• WHAT YOU WILL DO: Scan the lines below for the word "have". Copy each line you find it in.

(Saved data entries)
■ ■ ■ ■ ■

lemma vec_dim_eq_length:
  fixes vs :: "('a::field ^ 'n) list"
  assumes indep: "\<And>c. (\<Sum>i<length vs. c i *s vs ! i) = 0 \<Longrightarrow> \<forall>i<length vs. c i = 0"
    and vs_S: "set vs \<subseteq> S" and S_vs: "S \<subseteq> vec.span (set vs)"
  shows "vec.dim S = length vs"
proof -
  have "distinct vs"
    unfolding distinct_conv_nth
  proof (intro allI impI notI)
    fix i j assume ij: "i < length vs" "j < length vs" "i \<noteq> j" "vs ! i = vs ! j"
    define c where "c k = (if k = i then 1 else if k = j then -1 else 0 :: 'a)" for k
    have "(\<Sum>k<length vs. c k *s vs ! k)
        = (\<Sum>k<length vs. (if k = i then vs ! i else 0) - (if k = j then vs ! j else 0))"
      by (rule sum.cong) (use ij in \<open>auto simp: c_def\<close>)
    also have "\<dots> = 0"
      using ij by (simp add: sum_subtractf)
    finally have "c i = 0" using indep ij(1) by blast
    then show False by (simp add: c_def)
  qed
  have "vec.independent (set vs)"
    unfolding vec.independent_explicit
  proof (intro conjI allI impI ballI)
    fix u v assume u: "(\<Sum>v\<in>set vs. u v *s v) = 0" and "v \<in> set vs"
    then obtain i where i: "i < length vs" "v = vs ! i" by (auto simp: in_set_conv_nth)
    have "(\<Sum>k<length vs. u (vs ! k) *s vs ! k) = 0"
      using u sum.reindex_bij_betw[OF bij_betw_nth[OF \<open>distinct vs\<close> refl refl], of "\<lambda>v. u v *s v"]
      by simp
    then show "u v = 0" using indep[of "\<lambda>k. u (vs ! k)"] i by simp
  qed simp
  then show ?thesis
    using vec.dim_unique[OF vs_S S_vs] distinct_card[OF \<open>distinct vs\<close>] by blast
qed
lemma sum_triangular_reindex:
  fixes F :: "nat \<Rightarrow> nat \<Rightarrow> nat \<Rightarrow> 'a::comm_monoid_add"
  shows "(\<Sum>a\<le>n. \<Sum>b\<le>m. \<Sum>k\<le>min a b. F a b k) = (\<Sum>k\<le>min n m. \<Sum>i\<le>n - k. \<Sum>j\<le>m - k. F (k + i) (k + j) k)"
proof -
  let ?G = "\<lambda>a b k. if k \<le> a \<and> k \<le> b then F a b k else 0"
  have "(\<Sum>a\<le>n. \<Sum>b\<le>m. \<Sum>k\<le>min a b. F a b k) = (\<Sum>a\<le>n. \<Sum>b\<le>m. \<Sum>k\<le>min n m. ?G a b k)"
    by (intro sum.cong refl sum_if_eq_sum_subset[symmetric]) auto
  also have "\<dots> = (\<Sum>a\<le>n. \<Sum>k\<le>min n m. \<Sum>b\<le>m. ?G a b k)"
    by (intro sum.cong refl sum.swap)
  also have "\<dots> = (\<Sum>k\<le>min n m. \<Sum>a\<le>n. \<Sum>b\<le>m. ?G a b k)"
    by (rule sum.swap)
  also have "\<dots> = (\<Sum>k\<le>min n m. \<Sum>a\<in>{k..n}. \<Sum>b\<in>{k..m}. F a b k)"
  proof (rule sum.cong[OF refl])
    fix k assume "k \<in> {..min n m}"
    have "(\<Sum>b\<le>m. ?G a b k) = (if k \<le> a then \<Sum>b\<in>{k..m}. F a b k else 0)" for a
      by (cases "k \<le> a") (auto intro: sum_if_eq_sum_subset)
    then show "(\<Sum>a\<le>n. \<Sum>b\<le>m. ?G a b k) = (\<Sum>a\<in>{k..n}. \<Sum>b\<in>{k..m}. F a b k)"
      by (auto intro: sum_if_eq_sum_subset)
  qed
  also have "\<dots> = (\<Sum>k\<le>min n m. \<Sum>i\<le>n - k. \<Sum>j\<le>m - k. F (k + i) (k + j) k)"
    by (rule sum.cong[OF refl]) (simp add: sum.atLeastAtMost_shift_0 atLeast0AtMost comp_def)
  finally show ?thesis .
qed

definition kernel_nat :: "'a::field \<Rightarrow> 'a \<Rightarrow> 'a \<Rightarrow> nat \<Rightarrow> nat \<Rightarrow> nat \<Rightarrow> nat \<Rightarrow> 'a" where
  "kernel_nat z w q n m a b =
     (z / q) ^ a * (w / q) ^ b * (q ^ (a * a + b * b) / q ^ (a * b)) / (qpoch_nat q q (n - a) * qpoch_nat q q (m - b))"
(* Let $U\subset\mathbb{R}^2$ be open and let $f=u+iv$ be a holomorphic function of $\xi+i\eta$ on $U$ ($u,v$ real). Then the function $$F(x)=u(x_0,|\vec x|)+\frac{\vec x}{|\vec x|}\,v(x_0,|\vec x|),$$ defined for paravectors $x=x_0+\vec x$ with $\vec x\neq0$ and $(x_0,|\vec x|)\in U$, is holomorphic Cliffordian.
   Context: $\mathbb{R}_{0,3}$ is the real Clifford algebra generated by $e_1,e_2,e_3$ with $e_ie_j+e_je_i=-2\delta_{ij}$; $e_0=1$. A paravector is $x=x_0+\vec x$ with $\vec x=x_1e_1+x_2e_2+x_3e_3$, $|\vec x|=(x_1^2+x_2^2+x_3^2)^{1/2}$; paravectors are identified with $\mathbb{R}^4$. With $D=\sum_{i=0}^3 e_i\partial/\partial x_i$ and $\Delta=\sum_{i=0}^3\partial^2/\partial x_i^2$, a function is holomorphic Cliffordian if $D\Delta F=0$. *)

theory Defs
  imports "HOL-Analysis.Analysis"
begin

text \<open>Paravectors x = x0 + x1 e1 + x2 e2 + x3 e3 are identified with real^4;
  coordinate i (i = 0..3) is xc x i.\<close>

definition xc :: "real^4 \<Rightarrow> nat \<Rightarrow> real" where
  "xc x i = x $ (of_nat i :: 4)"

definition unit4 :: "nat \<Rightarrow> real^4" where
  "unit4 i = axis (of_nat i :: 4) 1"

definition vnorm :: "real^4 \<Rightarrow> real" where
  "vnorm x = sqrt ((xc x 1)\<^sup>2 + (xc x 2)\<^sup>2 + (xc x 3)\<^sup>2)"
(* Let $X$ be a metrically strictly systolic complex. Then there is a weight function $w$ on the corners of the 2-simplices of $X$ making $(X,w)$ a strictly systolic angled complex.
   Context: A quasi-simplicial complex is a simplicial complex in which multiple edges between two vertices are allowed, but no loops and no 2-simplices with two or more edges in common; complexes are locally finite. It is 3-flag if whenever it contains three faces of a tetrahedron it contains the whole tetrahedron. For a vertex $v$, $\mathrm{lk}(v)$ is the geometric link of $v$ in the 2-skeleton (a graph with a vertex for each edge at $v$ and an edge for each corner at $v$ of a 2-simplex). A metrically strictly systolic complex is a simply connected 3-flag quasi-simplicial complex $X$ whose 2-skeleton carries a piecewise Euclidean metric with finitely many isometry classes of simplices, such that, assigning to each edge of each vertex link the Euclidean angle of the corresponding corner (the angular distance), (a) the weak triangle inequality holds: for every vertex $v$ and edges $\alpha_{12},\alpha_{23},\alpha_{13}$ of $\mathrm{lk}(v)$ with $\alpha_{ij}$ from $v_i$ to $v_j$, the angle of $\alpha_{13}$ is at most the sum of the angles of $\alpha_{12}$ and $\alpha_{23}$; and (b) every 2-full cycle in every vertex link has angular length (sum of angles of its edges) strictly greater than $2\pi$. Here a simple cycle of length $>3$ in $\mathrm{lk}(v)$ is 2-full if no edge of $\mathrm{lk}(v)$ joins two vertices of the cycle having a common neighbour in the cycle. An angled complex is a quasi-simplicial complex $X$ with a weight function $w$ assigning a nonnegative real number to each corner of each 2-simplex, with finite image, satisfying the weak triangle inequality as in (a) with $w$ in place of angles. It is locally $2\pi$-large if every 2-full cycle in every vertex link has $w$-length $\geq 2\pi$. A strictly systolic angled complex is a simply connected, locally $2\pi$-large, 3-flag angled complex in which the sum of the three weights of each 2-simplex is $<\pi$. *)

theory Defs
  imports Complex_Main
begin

■ ■ ■ ■ ■

• TASK SOLUTION:
  have "distinct vs"
    have "(\<Sum>k<length vs. c k *s vs ! k)
    also have "\<dots> = 0"
    finally have "c i = 0" using indep ij(1) by blast
  have "vec.independent (set vs)"
    have "(\<Sum>k<length vs. u (vs ! k) *s vs ! k) = 0"
  have "(\<Sum>a\<le>n. \<Sum>b\<le>m. \<Sum>k\<le>min a b. F a b k) = (\<Sum>a\<le>n. \<Sum>b\<le>m. \<Sum>k\<le>min n m. ?G a b k)"
  also have "\<dots> = (\<Sum>a\<le>n. \<Sum>k\<le>min n m. \<Sum>b\<le>m. ?G a b k)"
  also have "\<dots> = (\<Sum>k\<le>min n m. \<Sum>a\<le>n. \<Sum>b\<le>m. ?G a b k)"
  also have "\<dots> = (\<Sum>k\<le>min n m. \<Sum>a\<in>{k..n}. \<Sum>b\<in>{k..m}. F a b k)"
    have "(\<Sum>b\<le>m. ?G a b k) = (if k \<le> a then \<Sum>b\<in>{k..m}. F a b k else 0)" for a
  also have "\<dots> = (\<Sum>k\<le>min n m. \<Sum>i\<le>n - k. \<Sum>j\<le>m - k. F (k + i) (k + j) k)"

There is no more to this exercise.